Task goal :: Copy the first line of the material below and every later line through the line containing "N k) integrable_on", without any other output.

Provided data ::
══════
lemma integral_sum_norm_band_wave_sq_le:
  "integral {0..2 * pi} (\<lambda>t. (\<Sum>k\<in>band_set N. norm (band_wave N lam f k t))\<^sup>2)
     \<le> (\<Sum>k\<in>band_set N. band_weight N k) * (\<Sum>n\<in>S_set N. \<Sum>m\<in>S_set N. (norm (coef_matrix lam f n m))\<^sup>2)"
proof -
  let ?W = "\<Sum>k\<in>band_set N. band_weight N k"
  have int: "(\<lambda>t. (norm (band_wave N lam f k t))\<^sup>2 / band_weight N k) integrable_on {0..2 * pi}" for k
    by (intro integrable_continuous_interval continuous_intros continuous_on_band_wave)
      (simp add: band_weight_pos less_imp_neq[symmetric])
  have "integral {0..2 * pi} (\<lambda>t. (\<Sum>k\<in>band_set N. norm (band_wave N lam f k t))\<^sup>2)
      \<le> integral {0..2 * pi} (\<lambda>t. ?W * (\<Sum>k\<in>band_set N. (norm (band_wave N lam f k t))\<^sup>2 / band_weight N k))"
    using band_weight_pos int finite_band_set
    by (intro integral_le sum_sq_le_weighted integrable_continuous_interval continuous_intros
        continuous_on_band_wave integrable_cmul integrable_sum)
      (auto simp: band_weight_pos[THEN less_imp_neq, symmetric])
  also have "\<dots> = ?W * (\<Sum>k\<in>band_set N. integral {0..2 * pi} (\<lambda>t. (norm (band_wave N lam f k t))\<^sup>2) / band_weight N k)"
    by (simp add: integral_sum[OF finite_band_set int])
  also have "\<dots> \<le> ?W * (\<Sum>k\<in>band_set N. \<Sum>n\<in>S_set N. (norm (band_coef N lam f k n))\<^sup>2)"
    using integral_norm_band_wave_sq_le band_weight_pos
    by (intro mult_left_mono sum_mono sum_nonneg) (auto simp: divide_le_eq mult.commute less_imp_le)
  finally show ?thesis by (simp only: sum_norm_band_coef_sq)
qed
text \<open>The Heisenberg Lie superalgebra H_m: an element (a, b, c) stands for
  sum_j a_j x_j + sum_j b_j y_j + c z (j = 1..m); x_j even, y_j, z odd,
  with [x_j, y_j] = z (and hence [y_j, x_j] = -z), all other brackets of
  basis elements zero.\<close>
definition heis :: "nat \<Rightarrow> ('f::field, (nat \<Rightarrow> 'f) \<times> (nat \<Rightarrow> 'f) \<times> 'f) lsa" where
  "heis m = \<lparr> carr = {(a, b, c). \<forall>j. (j < 1 \<or> m < j) \<longrightarrow> a j = 0 \<and> b j = 0},
              evp = {(a, b, c). (\<forall>j. (j < 1 \<or> m < j) \<longrightarrow> a j = 0) \<and> (\<forall>j. b j = 0) \<and> c = 0},
              oddp = {(a, b, c). (\<forall>j. a j = 0) \<and> (\<forall>j. (j < 1 \<or> m < j) \<longrightarrow> b j = 0)},
              zr = ((\<lambda>_. 0), (\<lambda>_. 0), 0),
              ad = (\<lambda>(a, b, c) (a', b', c'). ((\<lambda>j. a j + a' j), (\<lambda>j. b j + b' j), c + c')),
              sm = (\<lambda>k (a, b, c). ((\<lambda>j. k * a j), (\<lambda>j. k * b j), k * c)),
              br = (\<lambda>(a, b, c) (a', b', c').
                      ((\<lambda>_. 0), (\<lambda>_. 0), (\<Sum>j = 1..m. a j * b' j - b j * a' j))) \<rparr>"

end

theory Submission
  imports Defs
begin

text \<open>
  A superalgebra M is capable iff there is a Lie superalgebra L with an epimorphism L \<rightarrow> M
  whose kernel is the centre Z(L). Suppose \<psi> : L \<rightarrow> H_m is one, with m \<ge> 2, and lift the
  basis vectors x_i, y_i to homogeneous x_i', y_i'. Brackets of lifts whose images commute are
  central, so the Jacobi identity shows that w = [x_2', y_2'] commutes with x_1' and y_1'. As w is
  a preimage of z and every bracket maps into the line of z, every bracket is a multiple of w
  modulo Z(L); hence x_1' and y_1' annihilate all brackets, and the Jacobi identity for t, x_1',
  y_1' makes [x_1', y_1'] central, although it maps to z \<noteq> 0. For m = 1, dividing the
  superalgebra spanned by x, y, z, w with [x, y] = z and [x, z] = w by its centre, the line
  of w, gives H_1. Neither argument uses the hypotheses on the characteristic.
\<close>

section \<open>Vector spaces on an explicit carrier\<close>

locale lsa_vector_space =
  fixes V :: "('f::field, 'a) lsa"
  assumes vector_space: "vector_space_on V"
begin

lemma zr_closed [simp]: "zr V \<in> carr V"
  and ad_closed [simp]: "x \<in> carr V \<Longrightarrow> y \<in> carr V \<Longrightarrow> ad V x y \<in> carr V"
  and sm_closed [simp]: "x \<in> carr V \<Longrightarrow> sm V c x \<in> carr V"
  and ad_assoc: "x \<in> carr V \<Longrightarrow> y \<in> carr V \<Longrightarrow> z \<in> carr V \<Longrightarrow>
                 ad V (ad V x y) z = ad V x (ad V y z)"
  and ad_commute: "x \<in> carr V \<Longrightarrow> y \<in> carr V \<Longrightarrow> ad V x y = ad V y x"
  and ad_zero_left [simp]: "x \<in> carr V \<Longrightarrow> ad V (zr V) x = x"
  and ad_inverse_ex: "x \<in> carr V \<Longrightarrow> \<exists>y\<in>carr V. ad V x y = zr V"
  and sm_ad: "x \<in> carr V \<Longrightarrow> y \<in> carr V \<Longrightarrow> sm V c (ad V x y) = ad V (sm V c x) (sm V c y)"
  and sm_plus: "x \<in> carr V \<Longrightarrow> sm V (c + d) x = ad V (sm V c x) (sm V d x)"
  and sm_mult: "x \<in> carr V \<Longrightarrow> sm V (c * d) x = sm V c (sm V d x)"
  and sm_one [simp]: "x \<in> carr V \<Longrightarrow> sm V 1 x = x"
  using vector_space unfolding vector_space_on_def by ((elim conjE)?, meson)+

lemma ad_zero_right [simp]: "x \<in> carr V \<Longrightarrow> ad V x (zr V) = x"
  using ad_commute[of x "zr V"] by simp

lemma ad_left_commute:
  "x \<in> carr V \<Longrightarrow> y \<in> carr V \<Longrightarrow> z \<in> carr V \<Longrightarrow> ad V x (ad V y z) = ad V y (ad V x z)"
  by (simp flip: ad_assoc add: ad_commute[of x y])

lemma ad_left_cancel:
  assumes x: "x \<in> carr V" and y: "y \<in> carr V" and z: "z \<in> carr V"
    and eq: "ad V x y = ad V x z"
  shows "y = z"
proof -
  obtain n where n: "n \<in> carr V" "ad V x n = zr V"
    using ad_inverse_ex[OF x] by blast
  have "y = ad V (ad V x n) y" using n y by simp
  also have "\<dots> = ad V n (ad V x y)"
    by (metis ad_assoc[OF n(1) x y] ad_commute[OF n(1) x])
  also have "\<dots> = ad V (ad V x n) z"
    by (metis eq ad_assoc[OF n(1) x z] ad_commute[OF n(1) x])
  finally show ?thesis using n z by simp
qed

lemma ad_self_eq_imp_zero: "x \<in> carr V \<Longrightarrow> ad V x x = x \<Longrightarrow> x = zr V"
  by (rule ad_left_cancel[of x]) auto

lemma sm_zero_right [simp]: "sm V c (zr V) = zr V"
  by (rule ad_self_eq_imp_zero) (simp_all flip: sm_ad)

lemma sm_zero_left [simp]: "x \<in> carr V \<Longrightarrow> sm V 0 x = zr V"
  by (rule ad_self_eq_imp_zero) (simp_all flip: sm_plus)

lemma ad_neg_right [simp]: "x \<in> carr V \<Longrightarrow> ad V x (sm V (- 1) x) = zr V"
  using sm_plus[of x 1 "- 1"] by simp

lemma ad_neg_cancel_left [simp]:
  "x \<in> carr V \<Longrightarrow> y \<in> carr V \<Longrightarrow> ad V x (ad V (sm V (- 1) x) y) = y"
  using ad_assoc[of x "sm V (- 1) x" y] by simp

lemma ad_eq_zero_imp_neg:
  assumes "x \<in> carr V" "y \<in> carr V" "ad V x y = zr V"
  shows "x = sm V (- 1) y"
proof -
  have "x = ad V x (ad V y (sm V (- 1) y))" using assms by simp
  also have "\<dots> = ad V (ad V x y) (sm V (- 1) y)"
    using assms by (intro ad_assoc[symmetric]) simp_all
  also have "\<dots> = sm V (- 1) y" using assms by simp
  finally show ?thesis .
qed

lemma sm_eq_zero_iff: "x \<in> carr V \<Longrightarrow> sm V c x = zr V \<longleftrightarrow> c = 0 \<or> x = zr V"
proof (cases "c = 0")
  case False
  assume x: "x \<in> carr V"
  have "x = sm V (inverse c) (sm V c x)" using False x by (simp flip: sm_mult)
  then show ?thesis using False x by auto
qed simp

end

section \<open>Lie superalgebras, their centre and central quotients\<close>

lemma sgn2_nonzero [simp]: "sgn2 d e \<noteq> (0::'f::field)"
  by (simp add: sgn2_def)

locale lie_sa =
  fixes L :: "('f::field, 'a) lsa"
  assumes lsa: "lie_superalgebra L"

sublocale lie_sa \<subseteq> lsa_vector_space L
  using lsa unfolding lie_superalgebra_def by unfold_locales (elim conjE)

context lie_sa
begin

lemma evp_subspace: "subspace_of (evp L) L"
  and oddp_subspace: "subspace_of (oddp L) L"
  and carr_eq_evp_oddp: "carr L = {ad L a b |a b. a \<in> evp L \<and> b \<in> oddp L}"
  and evp_inter_oddp: "evp L \<inter> oddp L = {zr L}"
  and br_closed [simp]: "x \<in> carr L \<Longrightarrow> y \<in> carr L \<Longrightarrow> br L x y \<in> carr L"
  and br_linear_left: "x \<in> carr L \<Longrightarrow> y \<in> carr L \<Longrightarrow> z \<in> carr L \<Longrightarrow>
        br L (ad L (sm L c x) y) z = ad L (sm L c (br L x z)) (br L y z)"
  and br_linear_right: "x \<in> carr L \<Longrightarrow> y \<in> carr L \<Longrightarrow> z \<in> carr L \<Longrightarrow>
        br L z (ad L (sm L c x) y) = ad L (sm L c (br L z x)) (br L z y)"
  and hom_br: "hom L x d \<Longrightarrow> hom L y e \<Longrightarrow> hom L (br L x y) (d \<noteq> e)"
  and br_skew: "hom L x d \<Longrightarrow> hom L y e \<Longrightarrow> br L x y = sm L (- sgn2 d e) (br L y x)"
  and jacobi: "hom L x d \<Longrightarrow> hom L y e \<Longrightarrow> hom L z f \<Longrightarrow>
        ad L (ad L (sm L (sgn2 d f) (br L x (br L y z))) (sm L (sgn2 e d) (br L y (br L z x))))
             (sm L (sgn2 f e) (br L z (br L x y))) = zr L"
  using lsa unfolding lie_superalgebra_def by ((elim conjE)?, meson)+

lemma evp_carr: "x \<in> evp L \<Longrightarrow> x \<in> carr L"
  and oddp_carr: "x \<in> oddp L \<Longrightarrow> x \<in> carr L"
  and sm_evp: "x \<in> evp L \<Longrightarrow> sm L c x \<in> evp L"
  and sm_oddp: "x \<in> oddp L \<Longrightarrow> sm L c x \<in> oddp L"
  using evp_subspace oddp_subspace unfolding subspace_of_def by blast+

lemma hom_carr: "hom L x d \<Longrightarrow> x \<in> carr L"
  unfolding hom_def by (cases d) (auto intro: evp_carr oddp_carr)

lemma hom_evp: "x \<in> evp L \<Longrightarrow> hom L x False"
  and hom_oddp: "x \<in> oddp L \<Longrightarrow> hom L x True"
  by (simp_all add: hom_def)

lemma carr_decompE:
  assumes "x \<in> carr L"
  obtains a b where "a \<in> evp L" "b \<in> oddp L" "x = ad L a b"
  using assms carr_eq_evp_oddp by blast

lemma hom_ad_eq_zero:
  assumes a: "hom L a d" and b: "hom L b e" and de: "d \<noteq> e" and ab: "ad L a b = zr L"
  shows "a = zr L" "b = zr L"
proof -
  have "a = sm L (- 1) b"
    using a b ab by (intro ad_eq_zero_imp_neg) (auto intro: hom_carr)
  then have "hom L a e"
    using b unfolding hom_def by (auto intro: sm_evp sm_oddp)
  then show a0: "a = zr L"
    using a de evp_inter_oddp unfolding hom_def by (cases d; cases e) auto
  show "b = zr L" using ab a0 b by (simp add: hom_carr)
qed

lemma br_ad_left: "x \<in> carr L \<Longrightarrow> y \<in> carr L \<Longrightarrow> z \<in> carr L \<Longrightarrow>
    br L (ad L x y) z = ad L (br L x z) (br L y z)"
  using br_linear_left[of x y z 1] by simp

lemma br_ad_right: "x \<in> carr L \<Longrightarrow> y \<in> carr L \<Longrightarrow> z \<in> carr L \<Longrightarrow>
    br L z (ad L x y) = ad L (br L z x) (br L z y)"
  using br_linear_right[of x y z 1] by simp

lemma br_zero_left [simp]: "x \<in> carr L \<Longrightarrow> br L (zr L) x = zr L"
  using br_ad_left[of "zr L" "zr L" x] by (intro ad_self_eq_imp_zero) auto

lemma br_zero_right [simp]: "x \<in> carr L \<Longrightarrow> br L x (zr L) = zr L"
  using br_ad_right[of "zr L" "zr L" x] by (intro ad_self_eq_imp_zero) auto

lemma br_sm_left: "x \<in> carr L \<Longrightarrow> z \<in> carr L \<Longrightarrow> br L (sm L c x) z = sm L c (br L x z)"
  using br_linear_left[of x "zr L" z c] by simp

lemma center_carr: "z \<in> center L \<Longrightarrow> z \<in> carr L"
  and br_center_left: "z \<in> center L \<Longrightarrow> x \<in> carr L \<Longrightarrow> br L z x = zr L"
  by (simp_all add: center_def)

lemma subspace_center: "subspace_of (center L) L"
  unfolding subspace_of_def center_def by (auto simp: br_ad_left br_sm_left)

lemma br_hom_center:
  assumes h: "hom L h d" and z: "z \<in> center L"
  shows "br L h z = zr L"
proof -
  have hc: "h \<in> carr L" using h by (rule hom_carr)
  obtain a b where a: "a \<in> evp L" and b: "b \<in> oddp L" and zab: "z = ad L a b"
    using z center_carr carr_decompE by metis
  have ac: "a \<in> carr L" and bc: "b \<in> carr L" using a b by (auto intro: evp_carr oddp_carr)
  have "ad L (br L a h) (br L b h) = br L z h"
    using ac bc hc zab by (simp add: br_ad_left)
  also have "\<dots> = zr L" using z hc by (rule br_center_left)
  finally have "br L a h = zr L \<and> br L b h = zr L"
    using hom_ad_eq_zero[OF hom_br[OF hom_evp[OF a] h] hom_br[OF hom_oddp[OF b] h]] by auto
  moreover have "br L h z = ad L (br L h a) (br L h b)"
    using ac bc hc zab by (simp add: br_ad_right)
  ultimately show ?thesis
    using br_skew[OF h hom_evp[OF a]] br_skew[OF h hom_oddp[OF b]] by simp
qed

text \<open>Skew-symmetry makes the left-sided definition of the centre two-sided.\<close>
lemma br_center_right:
  assumes x: "x \<in> carr L" and z: "z \<in> center L"
  shows "br L x z = zr L"
proof -
  obtain a b where a: "a \<in> evp L" and b: "b \<in> oddp L" and xab: "x = ad L a b"
    using x carr_decompE by metis
  then show ?thesis
    using br_hom_center[OF hom_evp[OF a] z] br_hom_center[OF hom_oddp[OF b] z] z
    by (simp add: br_ad_left evp_carr oddp_carr center_carr)
qed

lemma center_if_br_hom_zero:
  assumes w: "hom L w d" and kills: "\<And>t e. hom L t e \<Longrightarrow> br L t w = zr L"
  shows "w \<in> center L"
  unfolding center_def
proof (intro CollectI conjI ballI)
  show wc: "w \<in> carr L" using w by (rule hom_carr)
  fix x assume "x \<in> carr L"
  then obtain a b where a: "a \<in> evp L" and b: "b \<in> oddp L" and xab: "x = ad L a b"
    using carr_decompE by metis
  have "br L w x = ad L (br L w a) (br L w b)"
    using wc a b xab by (simp add: br_ad_right evp_carr oddp_carr)
  then show "br L w x = zr L"
    using br_skew[OF w hom_evp[OF a]] br_skew[OF w hom_oddp[OF b]]
      kills[OF hom_evp[OF a]] kills[OF hom_oddp[OF b]] by simp
qed

lemma coset_self: "subspace_of I L \<Longrightarrow> g \<in> carr L \<Longrightarrow> g \<in> coset L I g"
  unfolding coset_def subspace_of_def by (auto intro!: exI[of _ "zr L"])

lemma coset_zero: "subspace_of I L \<Longrightarrow> coset L I (zr L) = I"
  unfolding coset_def subspace_of_def by (auto, metis ad_zero_left subsetD)

lemma coset_eq_if_mem:
  assumes I: "subspace_of I L" and g: "g \<in> carr L" and h: "h \<in> coset L I g"
  shows "coset L I h = coset L I g"
proof -
  have Ic: "\<And>i. i \<in> I \<Longrightarrow> i \<in> carr L" and
    Iad: "\<And>i j. i \<in> I \<Longrightarrow> j \<in> I \<Longrightarrow> ad L i j \<in> I" and
    Ism: "\<And>c i. i \<in> I \<Longrightarrow> sm L c i \<in> I"
    using I unfolding subspace_of_def by blast+
  obtain i0 where i0: "i0 \<in> I" and hg: "h = ad L g i0"
    using h unfolding coset_def by blast
  have "ad L g j = ad L h (ad L (sm L (- 1) i0) j)" if "j \<in> I" for j
    using g i0 that Ic by (simp add: hg ad_assoc)
  then have "coset L I g \<subseteq> coset L I h"
    unfolding coset_def using i0 by (blast intro: Iad Ism)
  moreover have "coset L I h \<subseteq> coset L I g"
    unfolding coset_def using g i0 Ic by (auto simp: hg ad_assoc intro!: Iad)
  ultimately show ?thesis by blast
qed

lemma coset_eq_zero_iff:
  assumes I: "subspace_of I L" and u: "u \<in> carr L"
  shows "coset L I u = I \<longleftrightarrow> u \<in> I"
  using coset_self[OF I u] coset_eq_if_mem[OF I zr_closed, of u] coset_zero[OF I] u by auto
══════
Finished task ::
lemma integral_sum_norm_band_wave_sq_le:
  "integral {0..2 * pi} (\<lambda>t. (\<Sum>k\<in>band_set N. norm (band_wave N lam f k t))\<^sup>2)
     \<le> (\<Sum>k\<in>band_set N. band_weight N k) * (\<Sum>n\<in>S_set N. \<Sum>m\<in>S_set N. (norm (coef_matrix lam f n m))\<^sup>2)"
proof -
  let ?W = "\<Sum>k\<in>band_set N. band_weight N k"
  have int: "(\<lambda>t. (norm (band_wave N lam f k t))\<^sup>2 / band_weight N k) integrable_on {0..2 * pi}" for k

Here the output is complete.